Every Sunday after church we’d go to Granny Gazzie’s to eat dinner. We traveled along Hedden Road which wasn’t paved in those days. One Sunday we saw a deer standing near an old barn. That is my only memory of seeing a deer when I was a kid.

Today I rarely drive through Brasstown without seeing at least three or four deer, sometimes as many as twenty in one field alone.

Bear in Western NC
While seeing a deer when I was young was rare, seeing a bear was unheard of. Oh you might hear about bear hunters getting one in Nantahala or Fires Creek, but you didn’t hear about bears being seen around people’s house like you do now.

Bear in cherokee co nc
One day when the girls were in first grade, a little boy I babysat and I were home alone when I heard our little beagle Wilma start barking up a storm. Just to make him laugh I was saying silly things like “Wilma you better hush up-what are you barking at girl?” When I looked out the window little Wilma, who weighed less than 20 lbs, was chasing a big black bear through the yard.
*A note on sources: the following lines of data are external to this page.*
lemma integral_ratio_Suc_diff:
  assumes "1 \<le> n"
  shows "(\<integral>z. ratio (Suc n) z \<partial>sample {1..Suc n}) - (\<integral>z. ratio n z \<partial>sample {1..n})
    = - (\<integral>z. decrement n z \<partial>sample {1..Suc n})"
proof -
  have "(\<integral>z. ratio n z \<partial>sample {1..n}) = (\<integral>z. ratio n z \<partial>sample {1..Suc n})"
    using assms by (intro integral_sample_restrict ratio_measurable) (auto simp: ratio_def wsum_restrict)
  moreover have "(\<integral>z. ratio (Suc n) z \<partial>sample {1..Suc n}) - (\<integral>z. ratio n z \<partial>sample {1..Suc n})
      = (\<integral>z. ratio (Suc n) z - ratio n z \<partial>sample {1..Suc n})"
    using assms by (intro Bochner_Integration.integral_diff[symmetric] integrable_ratio) auto
  moreover have "\<dots> = (\<integral>z. - decrement n z \<partial>sample {1..Suc n})"
    using assms by (intro Bochner_Integration.integral_cong ratio_Suc_diff) auto
  ultimately show ?thesis by simp
qed

lemma integral_decrement_pos:
  assumes "1 \<le> n"
  shows "0 < (\<integral>z. decrement n z \<partial>sample {1..Suc n})"
proof (rule integral_PiM_pos[OF _ _ emeasure_weight_pos])
  show "integrable (sample {1..Suc n}) (decrement n)"
    using assms by (intro integrable_decrement) auto
  fix z assume z: "z \<in> space (sample {1..Suc n})"
  then show "0 \<le> decrement n z" using decrement_bounds(1)[OF z _ assms] by simp
  assume "\<forall>i\<in>{1..Suc n}. z i \<in> {x \<in> space Q. 0 < w x}"
  then have pos: "0 < w (z 1)" "0 < w (z (Suc n))" by auto
  moreover have "w (z 1) \<le> wsum n z"
    using assms by (intro weight_le_wsum[OF z]) auto
  ultimately show "0 < decrement n z"
    by (auto simp: decrement_def wsum_Suc intro!: divide_pos_pos mult_pos_pos)
qed auto

text \<open>\<^term>\<open>decrement n\<close> with sample n+1 replaced by sample n+2.\<close>

definition swapped_decrement :: "nat \<Rightarrow> (nat \<Rightarrow> 'a) \<Rightarrow> real" where
  "swapped_decrement n z =
    (w (z 1))\<^sup>2 * w (z (Suc (Suc n))) / ((wsum n z + w (z (Suc (Suc n)))) * wsum n z)"

lemma integral_decrement_eq_swapped:
  assumes "1 \<le> n"
  shows "(\<integral>z. decrement n z \<partial>sample {1..Suc n}) = (\<integral>z. swapped_decrement n z \<partial>sample {1..Suc (Suc n)})"
proof -
  define K where "K = {1..Suc (Suc n)}"
  have K: "{1..n} \<subseteq> K" "{1..Suc n} \<subseteq> K" "Suc n \<in> K" "Suc (Suc n) \<in> K" "1 \<in> K"
    by (auto simp: K_def)
  have "(\<integral>z. decrement n z \<partial>sample {1..Suc n}) = (\<integral>z. decrement n z \<partial>sample K)"
    using K by (intro integral_sample_restrict decrement_measurable)
      (auto simp: K_def decrement_def wsum_restrict)
  also have "\<dots> = (\<integral>z. swapped_decrement n z \<partial>sample K)"
  proof (rule integral_sample_transpose[symmetric, OF K(3,4) decrement_measurable[OF K(2)]])
    fix z
    have "wsum n (\<lambda>l\<in>K. z (Transposition.transpose (Suc n) (Suc (Suc n)) l)) = wsum n z"
      unfolding wsum_def using K(1) by (intro sum.cong) auto
    then show "decrement n (\<lambda>l\<in>K. z (Transposition.transpose (Suc n) (Suc (Suc n)) l))
        = swapped_decrement n z"
      using K assms by (simp add: decrement_def swapped_decrement_def wsum_Suc)
  qed
  finally show ?thesis by (simp add: K_def)
qed

lemma integrable_swapped_decrement:
  assumes K: "{1..Suc (Suc n)} \<subseteq> K" and n: "1 \<le> n"
  shows "integrable (sample K) (swapped_decrement n)"
proof (rule integrable_dominated_by_weight[of 1])
  have K': "{1..n} \<subseteq> K" "1 \<in> K" "Suc (Suc n) \<in> K" using K by auto
  then show "1 \<in> K" "swapped_decrement n \<in> borel_measurable (sample K)"
    unfolding swapped_decrement_def
    by (auto intro!: borel_measurable_divide borel_measurable_times borel_measurable_add
        borel_measurable_power weight_component_measurable wsum_measurable)
  fix z assume z: "z \<in> space (sample K)"
  have "0 \<le> w (z 1)" "w (z 1) \<le> wsum n z" "0 \<le> w (z (Suc (Suc n)))"
    using weight_sample_nonneg[OF z] weight_le_wsum[OF z K'(1)] K' n by auto
  then show "\<bar>swapped_decrement n z\<bar> \<le> w (z 1)"
    using frac_shift_le_self by (simp add: swapped_decrement_def)
qed

lemma integral_decrement_Suc_less:
  assumes n: "1 \<le> n"
  shows "(\<integral>z. decrement (Suc n) z \<partial>sample {1..Suc (Suc n)}) < (\<integral>z. decrement n z \<partial>sample {1..Suc n})"
proof -
  define K where "K = {1..Suc (Suc n)}"
  have K: "{1..n} \<subseteq> K" "1 \<in> K" "Suc n \<in> K" "Suc (Suc n) \<in> K"
    using n by (auto simp: K_def)
  have integrable: "integrable (sample K) (swapped_decrement n)" "integrable (sample K) (decrement (Suc n))"
    using n by (auto simp: K_def intro!: integrable_swapped_decrement integrable_decrement)
  have "0 < (\<integral>z. swapped_decrement n z - decrement (Suc n) z \<partial>sample K)"
  proof (rule integral_PiM_pos[OF _ _ emeasure_weight_pos])
    show "integrable (sample K) (\<lambda>z. swapped_decrement n z - decrement (Suc n) z)"
      using integrable by simp
    fix z assume z: "z \<in> space (sample K)"
    have weights: "0 \<le> w (z 1)" "w (z 1) \<le> wsum n z" "0 \<le> w (z (Suc n))" "0 \<le> w (z (Suc (Suc n)))"
      using weight_sample_nonneg[OF z] weight_le_wsum[OF z K(1)] K n by auto
    have decrement_Suc: "decrement (Suc n) z = (w (z 1))\<^sup>2 * w (z (Suc (Suc n))) /
        ((wsum n z + w (z (Suc n)) + w (z (Suc (Suc n)))) * (wsum n z + w (z (Suc n))))"
      by (simp add: decrement_def wsum_Suc)
    show "0 \<le> swapped_decrement n z - decrement (Suc n) z"
      using frac_shift_le[OF weights] by (simp add: decrement_Suc swapped_decrement_def)
    assume "\<forall>i\<in>K. z i \<in> {x \<in> space Q. 0 < w x}"
    then have "0 < w (z 1)" "0 < w (z (Suc n))" "0 < w (z (Suc (Suc n)))" using K by auto
    then show "0 < swapped_decrement n z - decrement (Suc n) z"
      using frac_shift_less[OF _ weights(2)] by (simp add: decrement_Suc swapped_decrement_def)
  qed (auto simp: K_def)
  also have "\<dots> = (\<integral>z. swapped_decrement n z \<partial>sample K) - (\<integral>z. decrement (Suc n) z \<partial>sample K)"
    using integrable by (rule Bochner_Integration.integral_diff)
  finally show ?thesis
    using integral_decrement_eq_swapped[OF n] by (simp add: K_def)
qed

lemma integral_decrement_strict_antimono:
  assumes "1 \<le> m" "m < n"
  shows "(\<integral>z. decrement n z \<partial>sample {1..Suc n}) < (\<integral>z. decrement m z \<partial>sample {1..Suc m})"
  using assms(2)
proof (induction n)
  case (Suc n)
  show ?case
  proof (cases "m = n")
    case False
    with Suc have "(\<integral>z. decrement n z \<partial>sample {1..Suc n}) < (\<integral>z. decrement m z \<partial>sample {1..Suc m})"
      by simp
    with Suc assms(1) show ?thesis
      using integral_decrement_Suc_less[of n] by simp
  qed (use assms(1) integral_decrement_Suc_less in simp)
qed simp

lemma integrable_share:
  assumes "{1..n} \<subseteq> K" "j \<in> {1..n}"
  shows "integrable (sample K) (share n j)"
proof (rule integrable_bounded[of _ _ 1])
  show "share n j \<in> borel_measurable (sample K)"
    using assms by (intro share_measurable) auto
  show "\<bar>share n j z\<bar> \<le> 1" if "z \<in> space (sample K)" for z
    using share_bounds[OF that assms] by simp
qed

lemma integrable_share_product:
  assumes K: "{1..Suc n} \<subseteq> K" and j: "j \<in> {1..n}"
  shows "integrable (sample K) (\<lambda>z. share n j z * share (Suc n) (Suc n) z)"
proof (rule integrable_bounded[of _ _ 1])
  have K': "{1..n} \<subseteq> K" "j \<in> K" "Suc n \<in> K" using K j by auto
  then show "(\<lambda>z. share n j z * share (Suc n) (Suc n) z) \<in> borel_measurable (sample K)"
    using K by (intro borel_measurable_times share_measurable) auto
  show "\<bar>share n j z * share (Suc n) (Suc n) z\<bar> \<le> 1" if "z \<in> space (sample K)" for z
    using share_bounds[OF that K'(1) j] share_bounds[OF that K, of "Suc n"]
    by (auto simp: abs_mult intro: mult_le_one)
qed

lemma integral_share_le:
  assumes n: "1 \<le> n"
  shows "(\<integral>z. share n n z \<partial>sample {1..n}) \<le> 1 / n"
proof -
  define K where "K = {1..n}"
  interpret S: prob_space "sample K" by (rule prob_space_sample)
  have share_integrable: "integrable (sample K) (share n j)" if "j \<in> K" for j
    using that by (intro integrable_share) (auto simp: K_def)
  have share_eq: "(\<integral>z. share n j z \<partial>sample K) = (\<integral>z. share n n z \<partial>sample K)" if j: "j \<in> K" for j
  proof (rule integral_sample_transpose[OF j _ share_measurable])
    fix z
    have "share n n (\<lambda>l\<in>K. z (Transposition.transpose j n l)) = share n (Transposition.transpose j n n) z"
      using j n by (intro share_transpose) (auto simp: K_def)
    then show "share n n (\<lambda>l\<in>K. z (Transposition.transpose j n l)) = share n j z"
      by simp
  qed (use n in \<open>auto simp: K_def\<close>)
  have "(\<integral>z. (\<Sum>j\<in>K. share n j z) \<partial>sample K) = card K * (\<integral>z. share n n z \<partial>sample K)"
    by (rule integral_sum_eq_card_mult[where f="share n" and k=n, OF share_integrable share_eq])
  then have "real n * (\<integral>z. share n n z \<partial>sample K) = (\<integral>z. (\<Sum>j\<in>K. share n j z) \<partial>sample K)"
    by (simp add: K_def)
  also have "\<dots> \<le> (\<integral>z. 1 \<partial>sample K)"
  proof (rule integral_mono)
    show "integrable (sample K) (\<lambda>z. \<Sum>j\<in>K. share n j z)"
      using share_integrable by auto
    show "integrable (sample K) (\<lambda>z. 1)"
      by (rule S.integrable_const)
    show "(\<Sum>j\<in>K. share n j z) \<le> 1" for z
      unfolding K_def by (rule sum_share_le_1)
  qed
  also have "\<dots> = 1"
    by (simp add: S.prob_space)
  finally show ?thesis
    using n by (simp add: K_def field_simps)
qed

lemma integral_share_product_transpose:
  assumes j: "j \<in> {1..n}"
  shows "(\<integral>z. share n j z * share (Suc n) (Suc n) z \<partial>sample {1..Suc n})
    = (\<integral>z. share n 1 z * share (Suc n) (Suc n) z \<partial>sample {1..Suc n})"
proof (rule integral_sample_transpose)
  define K where "K = {1..Suc n}"
  have K: "{1..n} \<subseteq> K" "{1..Suc n} \<subseteq> K" "Suc n \<in> K" "1 \<in> K" "j \<in> K"
    using j by (auto simp: K_def)
  show "1 \<in> {1..Suc n}" "j \<in> {1..Suc n}" using K by (auto simp: K_def)
  show "(\<lambda>z. share n 1 z * share (Suc n) (Suc n) z) \<in> borel_measurable (sample {1..Suc n})"
    using K by (intro borel_measurable_times share_measurable) (auto simp: K_def)
  fix z
  have "share n 1 (\<lambda>l\<in>K. z (Transposition.transpose 1 j l)) = share n j z"
    using share_transpose[of 1 n j K 1 z] j K by auto
  moreover have "share (Suc n) (Suc n) (\<lambda>l\<in>K. z (Transposition.transpose 1 j l))
      = share (Suc n) (Suc n) z"
    using share_transpose[of 1 "Suc n" j K "Suc n" z] j K by auto
  ultimately show "share n 1 (\<lambda>l\<in>{1..Suc n}. z (Transposition.transpose 1 j l)) *
      share (Suc n) (Suc n) (\<lambda>l\<in>{1..Suc n}. z (Transposition.transpose 1 j l))
      = share n j z * share (Suc n) (Suc n) z"
    by (simp add: K_def)
qed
Like a dummy I ran out to try and get her to come back, but quickly noticed the bear wasn’t paying her one bit of attention. It was like Wilma was of no more concern to the bear than a fly would have been. As soon as it left the yard Wilma came back to the porch, looking at me like she’d saved the day.

Coyotes in western nc
Coyotes were another animal that you never seen or heard of when I was growing up. Now they are a menace to most folks, especially us since they were the demise of our little Wilma. Sometimes you can hear them howling at night on the ridge across from us. It’ll make those little hairs on the back of your neck stand up.

After they started preying on the cattle near here one farmer hired people to kill the coyotes before they killed any more of his cows. The same farmer added a donkey to each of his fields too. Everyone said they were to protect the calves from coyotes, but since the donkeys are gone now I’m not sure how good the tactic worked.

All the pictures in this post came from The Deer Hunter’s trail camera. Several years ago he set it up about 350 yards above our house. We were always anxious to see what would show up on it when he got the film developed.

Deer in cherokee co nc

Mostly there were pictures of deer, squirrels, and turkey. But we were surprised by the bear, coyote, and bobcat.

Bobcat in western nc

This is the only shot he got of a bobcat. Makes me think it only took the one click of the camera to ensure he never came back that way again.

Trail cam pictures
There was usually some funny ones on the camera too-like this one. What were those two doing up there? And there was the occasional neighborhood dog prancing through like he was on a special mission only he knew about.

It was interesting to learn most of you are believers like me when it comes to the question of whether big cats live in areas of Appalachia. Another interesting point some of you made were the rumors that wildlife officials have turned big cats loose, even though they are usually the ones telling folks they seen a house cat or a dog.

After Pap and I saw the mountain lion on Franklin mountain we heard there had been a release of mountain lions in the Nantahala area. It made perfect sense to us that one could have traveled to the Standing Indian area.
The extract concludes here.